I checked the before and after PP (before downsizing) and the increased contrast gives an appearance of being sharper. It also tends to accentuate the camera's JPEG conversion halos.
Here it is after cloning and without any output sharpening. You can still see the halos I'm afraid.
I'm finding a fair amount of JPEG Ccompression artifacts in these earlier images as well as sharpening halos. Glad I'm shooting strictly RAW now so I can avoid many of these JPEG issues.
The removal of that figure was definitely worth doing.

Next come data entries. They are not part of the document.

lemma bounded_symbol_proj_symbol: "bounded_symbol d (proj_symbol d \<phi>)"
proof (rule bounded_symbolI)
  fix \<theta> k
  have "cmod (cinner_fin (2*d+1) \<phi> (wo d (torus_point d \<theta>))) \<le> (\<Sum>l=1..2*d+1. cmod (\<phi> l))"
    unfolding cinner_fin_def
  proof (rule order_trans[OF norm_sum], rule sum_mono)
    fix l
    show "cmod (\<phi> l * cnj (wo d (torus_point d \<theta>) l)) \<le> cmod (\<phi> l)"
      unfolding norm_mult complex_mod_cnj
      by (rule mult_left_le[OF norm_wo_le_1[OF norm_torus_point]]) simp_all
  qed
  then show "cmod (proj_symbol d \<phi> \<theta> k) \<le> (\<Sum>l=1..2*d+1. cmod (\<phi> l))"
    unfolding proj_symbol_def norm_mult
    using mult_mono[OF _ norm_wo_le_1, of _ "\<Sum>l=1..2*d+1. cmod (\<phi> l)" d "torus_point d \<theta>" k]
    by (simp add: norm_torus_point sum_nonneg)
qed (measurable, simp add: proj_symbol_def wo_outside)

lemma bounded_symbol_residual_symbol:
  assumes "coin_vector d \<phi>"
  shows "bounded_symbol d (residual_symbol d \<phi>)"
  unfolding residual_symbol_def[abs_def]
  by (rule bounded_symbol_diff[OF bounded_symbol_const[OF assms] bounded_symbol_proj_symbol])

lemma U_symbol_proj_symbol: "U_symbol d (proj_symbol d \<phi>) = proj_symbol d \<phi>"
proof (intro ext)
  fix \<theta> k
  let ?z = "torus_point d \<theta>"
  have "U_symbol d (proj_symbol d \<phi>) \<theta> k =
      cinner_fin (2*d+1) \<phi> (wo d ?z) * (shift_symbol d ?z k * grover (2*d+1) (wo d ?z) k)"
    unfolding U_symbol_def proj_symbol_def grover_cmult character_shift_lazy by (simp add: mult_ac)
  also have "shift_symbol d ?z k * grover (2*d+1) (wo d ?z) k = wo d ?z k"
    by (rule shift_symbol_grover_wo) (rule norm_torus_point)
  finally show "U_symbol d (proj_symbol d \<phi>) \<theta> k = proj_symbol d \<phi> \<theta> k"
    unfolding proj_symbol_def .
qed

lemma cutoff_cases: "cutoff d \<delta> \<theta> = 0 \<or> cutoff d \<delta> \<theta> = 1"
  unfolding cutoff_def by auto

lemma norm_cutoff_le_1: "cmod (cutoff d \<delta> \<theta>) \<le> 1"
  unfolding cutoff_def by auto

lemma cutoff_neq_0_iff:
  "cutoff d \<delta> \<theta> \<noteq> 0 \<longleftrightarrow> (\<forall>j\<in>{1..d}. \<delta> \<le> cmod (1 + torus_point d \<theta> j))"
  unfolding cutoff_def by auto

Everything looks clear and well balanced now.
I thik so too though now I am not too sure I wouldn't get rid of the lady as well.
Hmmm, thin end of the wedge isn't it?
I have to say this shot demonstrates why I don't 'do' landscapes, there's usually always far too much in the shot
All we need is the river, bridge, train, fisherman, piles and the basic composition.
Thus I'd remove;
that jetty/pontoon and its bridge
the tree
the houses on the far bank and all their jetties, etc.
Ideally, I do that in real life, not by cloning
i.e. the problem is the scene, not the photograph
Gosh, I'm not very 'goodwill to all men' tonight am I?
In short, the scene is too busy to be really effective. Sounds like it needs to be a simpler composition. OK. I can learn that lesson and apply it as I go forward. Thanks Geoff, Chris, and Dave.